Is that panic, or excitement you are feeling?
THE FUTURE ISN’T DYSTOPIAN
Since the robots are here, and here to stay, we shouldn’t be fighting them. If we do, we’ll lose (if our national math/science scores are any indication). We should be figuring out how to work with them.
In 1997, the first big challenge to human exceptionalism was the IBM Deep Blue, who beat the reigning chess master at the time, Gary Kasparov. And when Kasparov lost, some thought this was the end of chess. Who’s going to play competitively because computers are always going to win? But that didn’t happen.
Playing against computers actually increased the extent to which chess became popular. And, on average, the best players became better playing against the artificial minds. Technology raised their game. Even Kasparov, who lost, speculated on the unfairness of being matched to a database that had access to every single chess move ever. So he invented a new, freestyle chess league, where you can play any way you want. You can play as an AI or you can play as a human or you can play as a team of AI and humans.
In the past couple of years the best chess player on the planet is not an AI. And it’s not a human. It’s the team that Kasparov refers to centaurs; it’s the team of humans and AI. They are complementary. AIs and humans think differently. This is reflected in other disciplines. The world’s best medical diagnostician is not Watson, or a human doctor. It’s the team of Watson plus a doctor.
This idea of teaming, or collaborating with something that can be creative, make decisions, and develop consciousness (different than ours) requires us to learn to develop more self-awareness, increase our autonomy, and make better decisions. We are running on a different substrate, and it’s not a zero-sum game.

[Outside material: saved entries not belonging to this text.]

text \<open>Model of H^*(BO(2); Z/2) = F_2[w1,w2] as bivariate polynomials over the field
  Z/2 (type bit): an element p :: bit poly poly is a polynomial in w2 whose
  coefficients are polynomials in w1. The monomial w1^a w2^b has coefficient
  coeff (coeff p b) a and cohomological degree a + 2b.\<close>

type_synonym F2poly = "bit poly poly"

definition w1 :: F2poly where "w1 = [:[:0, 1:]:]"
definition w2 :: F2poly where "w2 = [:0, 1:]"

definition const :: "bit \<Rightarrow> F2poly" where "const c = [:[:c:]:]"

definition mon :: "nat \<Rightarrow> nat \<Rightarrow> F2poly" where "mon a b = monom (monom 1 a) b"

definition hom_part :: "nat \<Rightarrow> F2poly \<Rightarrow> F2poly" where
  "hom_part d p = (\<Sum>b\<le>d. \<Sum>a\<le>d. if a + 2 * b = d then const (coeff (coeff p b) a) * mon a b else 0)"

text \<open>Steenrod squares on F_2[w1,w2]: the total square is the ring homomorphism with
  Sq(w1) = w1 + w1^2 and Sq(w2) = w2 + w1 w2 + w2^2 (Wu formula, Cartan formula);
  Sq^i picks the part raising degree by i.\<close>
definition Sq :: "nat \<Rightarrow> F2poly \<Rightarrow> F2poly" where
  "Sq i p = (\<Sum>b\<le>degree p. \<Sum>a\<le>degree (coeff p b).
      const (coeff (coeff p b) a) *
      hom_part (a + 2 * b + i) ((w1 + w1 ^ 2) ^ a * (w2 + w1 * w2 + w2 ^ 2) ^ b))"

fun Q :: "nat \<Rightarrow> F2poly \<Rightarrow> F2poly" where
  "Q 0 p = Sq 1 p"
| "Q (Suc n) p = Q n (Sq (2 ^ Suc n) p) - Sq (2 ^ Suc n) (Q n p)"

text \<open>Dual classes: (1 + w1 + w2)(1 + wbar_1 + wbar_2 + ...) = 1, i.e.
  wbar_0 = 1 and wbar_k + w1 wbar_{k-1} + w2 wbar_{k-2} = 0 (wbar_{-1} = 0).\<close>
fun wbar :: "nat \<Rightarrow> F2poly" where
  "wbar 0 = 1"
| "wbar (Suc 0) = - w1"
| "wbar (Suc (Suc k)) = - (w1 * wbar (Suc k) + w2 * wbar k)"

text \<open>The ideal (wbar_k : k \<ge> m - 1) of F_2[w1,w2]; H^*(Gr_2(R^m); Z/2) is the quotient.\<close>
definition gr_ideal :: "nat \<Rightarrow> F2poly set" where
  "gr_ideal m = {p. \<exists>K c. p = (\<Sum>k\<in>{m - 1..K}. c k * wbar k)}"

definition eq_in_Gr2 :: "nat \<Rightarrow> F2poly \<Rightarrow> F2poly \<Rightarrow> bool" where
  "eq_in_Gr2 m p q \<longleftrightarrow> p - q \<in> gr_ideal m"

end

(*
  Sq^i p is the coefficient of t^i in the ring homomorphism w1 |-> w1 + w1^2 t,
  w2 |-> w2 + w1 w2 t + w2^2 t^2 (Cartan formula). Pulling back along the injective
  splitting map w1 |-> x1 + x2, w2 |-> x1 x2, which commutes with the squares, the
  x_i become classes with Sq(x_i) = x_i + x_i^2 t. There Q_n is a derivation with
  Q_n x_i = x_i^N, N = 2^(n+1), by induction on n: if Q_{n-1} commutes with Sq^k for
  0 < k < 2^n, the Cartan formula makes [Q_{n-1}, Sq^(2^n)] a derivation, determined by
  its values on x_1, x_2. As w1 wbar_k pulls back to the power sum x1^(k+1) + x2^(k+1),
  Q_n w2 = x1 x2 (x1^(N-1) + x2^(N-1)) = w1 w2 wbar_(N-2), and Q_n(w2^(2l+1)) =
  w1 w2^(2l+1) wbar_(N-2). Finally w1^j wbar_(i+j) = w2^j wbar_i modulo
  (wbar_k : k >= i+j+1), by induction on j using w2 wbar_i = wbar_(i+2) + w1 wbar_(i+1).
*)

theory Submission
  imports Defs
begin

lemma of_nat_bit: "(of_nat n :: bit) = of_bool (odd n)"
  by (induction n) auto

lemma CHAR_bit: "CHAR(bit) = 2"
  by (rule CHAR_eqI) (auto simp: of_nat_bit)

lemma CHAR_F2poly: "CHAR(F2poly) = 2"
  by (simp add: CHAR_bit)

lemma add_self_CHAR_2:
  assumes "CHAR('a::ring_1) = 2"
  shows "(x::'a) + x = 0"
  using uminus_CHAR_2[OF assms, of x] by (metis add.right_inverse)

lemma of_nat_CHAR_2:
  assumes "CHAR('a::ring_1) = 2"
  shows "(of_nat n :: 'a) = of_bool (odd n)"
proof (cases "even n")
  case False
  then obtain k where "n = 2 * k + 1" by (blast elim: oddE)
  then show ?thesis using assms of_nat_CHAR[where 'a='a] by simp
qed (use assms of_nat_eq_0_iff_char_dvd[where 'a='a] in auto)

lemma power_two_power_add_CHAR_2:
  assumes "CHAR('a::comm_ring_1) = 2"
  shows "((x::'a) + y) ^ 2 ^ j = x ^ 2 ^ j + y ^ 2 ^ j"
proof (induction j)
  case (Suc j)
  have two: "(2::'a) = 0"
    using of_nat_CHAR[where 'a='a] assms by simp
  have "(x + y) ^ 2 ^ Suc j = ((x + y) ^ 2 ^ j) ^ 2"
    by (simp add: power_mult[symmetric] mult.commute)
  also have "\<dots> = (x ^ 2 ^ j) ^ 2 + (y ^ 2 ^ j) ^ 2"
    by (simp only: Suc power2_sum two mult_zero_left add_0_right)
  also have "\<dots> = x ^ 2 ^ Suc j + y ^ 2 ^ Suc j"
    by (simp add: power_mult[symmetric] mult.commute)
  finally show ?case .
qed simp

lemma two_F2poly: "(2::F2poly) = 0"
  by (metis one_add_one add_self_CHAR_2[OF CHAR_F2poly])

lemma add_self_left_F2poly: "(p::F2poly) + (p + q) = q"
  by (simp add: add.assoc[symmetric] add_self_CHAR_2[OF CHAR_F2poly])

lemmas F2poly_CHAR_2_simps [simp] =
  minus_CHAR_2[OF CHAR_F2poly] uminus_CHAR_2[OF CHAR_F2poly] add_self_CHAR_2[OF CHAR_F2poly]
  two_F2poly add_self_left_F2poly

locale ring_hom =
  fixes h :: "'a::comm_ring_1 \<Rightarrow> 'b::comm_ring_1"
  assumes hom_add [simp]: "h (x + y) = h x + h y"
    and hom_mult [simp]: "h (x * y) = h x * h y"
    and hom_one [simp]: "h 1 = 1"
begin

lemma hom_zero [simp]: "h 0 = 0"
  using hom_add[of 0 0] by simp

lemma hom_uminus [simp]: "h (- x) = - h x"
  using hom_add[of "- x" x] by (simp add: eq_neg_iff_add_eq_0)

lemma hom_diff [simp]: "h (x - y) = h x - h y"
  using hom_add[of x "- y"] by simp

lemma hom_sum [simp]: "h (sum f A) = (\<Sum>x\<in>A. h (f x))"
  by (induction A rule: infinite_finite_induct) simp_all

lemma hom_power [simp]: "h (x ^ n) = h x ^ n"
  by (induction n) simp_all

lemma ring_hom_map_poly: "ring_hom (map_poly h)"
  by unfold_locales (simp_all add: poly_eq_iff coeff_map_poly coeff_mult)

end

lemma ring_hom_comp: "ring_hom f \<Longrightarrow> ring_hom g \<Longrightarrow> ring_hom (f \<circ> g)"
  by (simp add: ring_hom_def)

lemma ring_hom_poly: "ring_hom (\<lambda>p. poly p x)"
  by unfold_locales simp_all

lemma ring_hom_coeff_0: "ring_hom (\<lambda>p. coeff p 0)"
  by unfold_locales (simp_all add: coeff_mult_0)

locale derivation =
  fixes D :: "'a::comm_ring_1 \<Rightarrow> 'a"
  assumes der_add [simp]: "D (x + y) = D x + D y"
    and der_mult [simp]: "D (x * y) = D x * y + x * D y"
begin

lemma der_zero [simp]: "D 0 = 0"
  using der_add[of 0 0] by simp

lemma der_one [simp]: "D 1 = 0"
  using der_mult[of 1 1] by simp

lemma der_sum [simp]: "D (sum f A) = (\<Sum>x\<in>A. D (f x))"
  by (induction A rule: infinite_finite_induct) simp_all

lemma der_power: "D (x ^ n) = of_nat n * x ^ (n - 1) * D x"
proof (induction n)
  case (Suc n)
  then show ?case
    by (cases n) (simp_all add: algebra_simps)
qed simp

lemma der_power_CHAR_2:
  assumes "CHAR('a) = 2"
  shows "D (x ^ n) = (if even n then 0 else x ^ (n - 1) * D x)"
  by (simp add: der_power of_nat_CHAR_2[OF assms])

end
(* Let $G=(P,t_2Q)$ be a pair of homogeneous polynomials in $(t_1,t_2)$ of degree $d$ with $P(1,0)\ne0$. Then the resultant of $F=F_{t_1,t_2}(G)/t_2^2$ is $$\mathrm{Res}(F)=4^{4d}[Q(1,1)-P(1,1)]^4P(0,1)^4P(1,0)^{-8}\mathrm{Res}(G)^{16}.$$ In particular, for a homogeneous lift $C$ of a marked point $c\in\mathbb{C}(t)\setminus\{0,1,t\}$ with $F_1=F_{t_1,t_2}(C)/\gcd(F_{t_1,t_2}(C))=(P_1,Q_1)$, $d=\deg F_1$, and $F_{n+1}=F_{t_1,t_2}(F_n)/t_2^2$, one has for all $n\ge1$ $$\mathrm{Res}(F_n)=4^{A_nd}\left(\frac{(P_1(1,1)-Q_1(1,1))P_1(0,1)}{P_1(1,0)^2}\right)^{A_n}\mathrm{Res}(F_1)^{4^{2(n-1)}},\qquad A_n=\frac{4^{2(n-1)}-4^{n-1}}{3}.$$
   Context: $F_{t_1,t_2}(z,w)=\big((t_1w^2-t_2z^2)^2,\;4t_2zw(w-z)(t_1w-t_2z)\big)$; for a pair of homogeneous polynomials $H=(H_1,H_2)$ in $(t_1,t_2)$, $F_{t_1,t_2}(H)$ means substituting $(z,w)=(H_1,H_2)$. $\mathrm{Res}$ denotes the resultant (Sylvester determinant) of a pair of homogeneous polynomials of the same degree. A homogeneous lift of $c$ is a pair of coprime homogeneous polynomials $C=(c_1,c_2)$ of equal degree with $c(t)=c_1(t,1)/c_2(t,1)$; $\gcd$ denotes the gcd of the two coordinates. *)

theory Defs
  imports "Subresultants.Resultant_Prelim" "HOL-Computational_Algebra.Fraction_Field" "HOL-Computational_Algebra.Polynomial_Factorial" "HOL-Computational_Algebra.Field_as_Ring"
begin

text \<open>Bivariate polynomials in (t1,t2) over the complex numbers are encoded as
  complex poly poly: the outer variable is t1, the inner (coefficient) variable is t2.
  So  coeff (coeff H i) j  is the coefficient of  t1^i * t2^j.\<close>

type_synonym bpoly = "complex poly poly"

definition T1 :: bpoly where "T1 = [:0, 1:]"
definition T2 :: bpoly where "T2 = [:[:0, 1:]:]"

definition is_hom :: "nat \<Rightarrow> bpoly \<Rightarrow> bool" where
  "is_hom d H \<longleftrightarrow> (\<forall>i j. coeff (coeff H i) j \<noteq> 0 \<longrightarrow> i + j = d)"
(* Let $\{X_n\}$ be the Bessel-like walk of the context, $f_m=P_0(\tau_0=m)$ for $m\ge1$, and for even $0<m<n$ let $A_{m,n}=\frac{2}{n-m+2}\sum_{j=m}^nf_j$. Then for all even integers $0<k<m$, \[ f_m\le\frac{f_{m+k}+f_{m-k}}{2}\qquad\text{and}\qquad f_m\le A_{m-k,m+k}. \]
   Context: Let $\{X_n\}_{n\ge0}$ be a Markov chain on $\mathbb{Z}_+=\{0,1,2,\dots\}$ with steps $\pm1$, reflecting at $0$ (i.e. $p(0,1)=1$), and for $x\ge1$ transition probabilities $p_x=p(x,x+1)$, $q_x=p(x,x-1)=1-p_x$, where $p_x=\frac12\left(1-\frac{\delta}{2x}+\frac{R_x}{2}\right)$ for a fixed $\delta\ge-1$ and $R_x=o(1/x)$, and $p_x,q_x\in[\epsilon,1-\epsilon]$ for some $\epsilon>0$ and all $x\ge1$. $P_0$ is the law of the chain started at $0$, and $\tau_0=\min\{n\ge1:X_n=0\}$ is the first return time to $0$. *)

theory Defs
  imports "HOL-Analysis.Analysis"
begin

definition step_prob :: "(nat \<Rightarrow> real) \<Rightarrow> nat \<Rightarrow> nat \<Rightarrow> real" where
  "step_prob p x y = (if y = Suc x then p x else if Suc y = x then 1 - p x else 0)"

text \<open>Paths of length m (m steps) from 0 back to 0 that do not visit 0 at times 1..m-1.
  Entries are bounded by m (automatic for nearest-neighbour paths from 0), so the set is finite.\<close>

definition return_paths :: "nat \<Rightarrow> nat list set" where
  "return_paths m = {xs. length xs = Suc m \<and> set xs \<subseteq> {0..m} \<and>
      xs ! 0 = 0 \<and> xs ! m = 0 \<and> (\<forall>i. 0 < i \<and> i < m \<longrightarrow> xs ! i \<noteq> 0)}"

definition first_return :: "(nat \<Rightarrow> real) \<Rightarrow> nat \<Rightarrow> real" where
  "first_return p m = (\<Sum>xs\<in>return_paths m. \<Prod>i<m. step_prob p (xs ! i) (xs ! Suc i))"

definition A_avg :: "(nat \<Rightarrow> real) \<Rightarrow> nat \<Rightarrow> nat \<Rightarrow> real" where
  "A_avg p m n = 2 / (real n - real m + 2) * (\<Sum>j=m..n. first_return p j)"

end

theory Submission
  imports Defs
begin

text \<open>A first return to 0 at time n + 2 consists of a step 0 \<rightarrow> 1, an n-step walk from 1 to 1
  avoiding 0, and a step 1 \<rightarrow> 0; so f(n+2) = p(0) q(1) g(n), where g(n) is the corresponding
  taboo probability. The walk killed at 0 is a nearest-neighbour chain, hence reversible, so its
  transition operator T is self-adjoint in the space weighted by the inverse reversible measure.
  Then g(a + b) = \<langle>T^a e1, T^b e1\<rangle> and 2\<langle>u,v\<rangle> \<le> \<langle>u,u\<rangle> + \<langle>v,v\<rangle> give
  2 g(a + b) \<le> g(2a) + g(2b): the return probabilities are midpoint convex along even times.
  Averaging these inequalities over the symmetric window, in which the odd times contribute
  nothing, yields the bound by A. Only 0 < p(x) < 1 for x \<ge> 1 is used.\<close>

definition path_weight :: "(nat \<Rightarrow> real) \<Rightarrow> nat list \<Rightarrow> real" where
  "path_weight p xs = (\<Prod>i<length xs - 1. step_prob p (xs ! i) (xs ! Suc i))"

lemma path_weight_snoc:
  "xs \<noteq> [] \<Longrightarrow> path_weight p (xs @ [y]) = path_weight p xs * step_prob p (last xs) y"
proof -
  assume "xs \<noteq> []"
  then obtain n where n: "length xs = Suc n" by (cases xs) auto
  have "(\<Prod>i<n. step_prob p ((xs @ [y]) ! i) ((xs @ [y]) ! Suc i)) = path_weight p xs"
    unfolding path_weight_def using n by (intro prod.cong) (auto simp: nth_append)
  moreover have "last xs = xs ! n" using n last_conv_nth[of xs] by fastforce
  ultimately show ?thesis
    using n unfolding path_weight_def by (simp add: nth_append)
qed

There is inherent beauty in this symmetry between machines and humans. That, if humans get to gain more awareness of themselves and gain mastery in something unique to them, we can work with machines to tackle something even greater.
At its essence, artificial intelligence is math and data. Math and data have rules. What is difficult about the problems that need to be solved today is that deep neural networks of the brain have a multidimensional space where there is no “sense” to be made. Or, at least we are still unable to make sense of the rules at play. At a certain point, we just don’t know what it all means (yet).
If you relate to the metaphor of the brain in terms of a computer and the way that it receives, processes and stores information, you can appreciate that incoming information is acted upon by a series of processing systems. Each of these systems accepts, rejects or transforms the information in some way, resulting in some form of response.
Where there is a difference between the computer and the brain is in the type of processing of which each is capable. Computers are only capable of processing one bit of information at a time before moving on to the next bit, whereas the brain often engages in a multitude of bits of information simultaneously. There is also an issue about predictability, with the computer always reacting to the same input in exactly the same manner, whereas the brain may be subjected to emotional or environmental pressures that cause differences in reaction.
In short, we just don’t know the rules of the human brain. Therein lies the great fear of and opportunity for humankind: learning, guiding, or controlling these rules.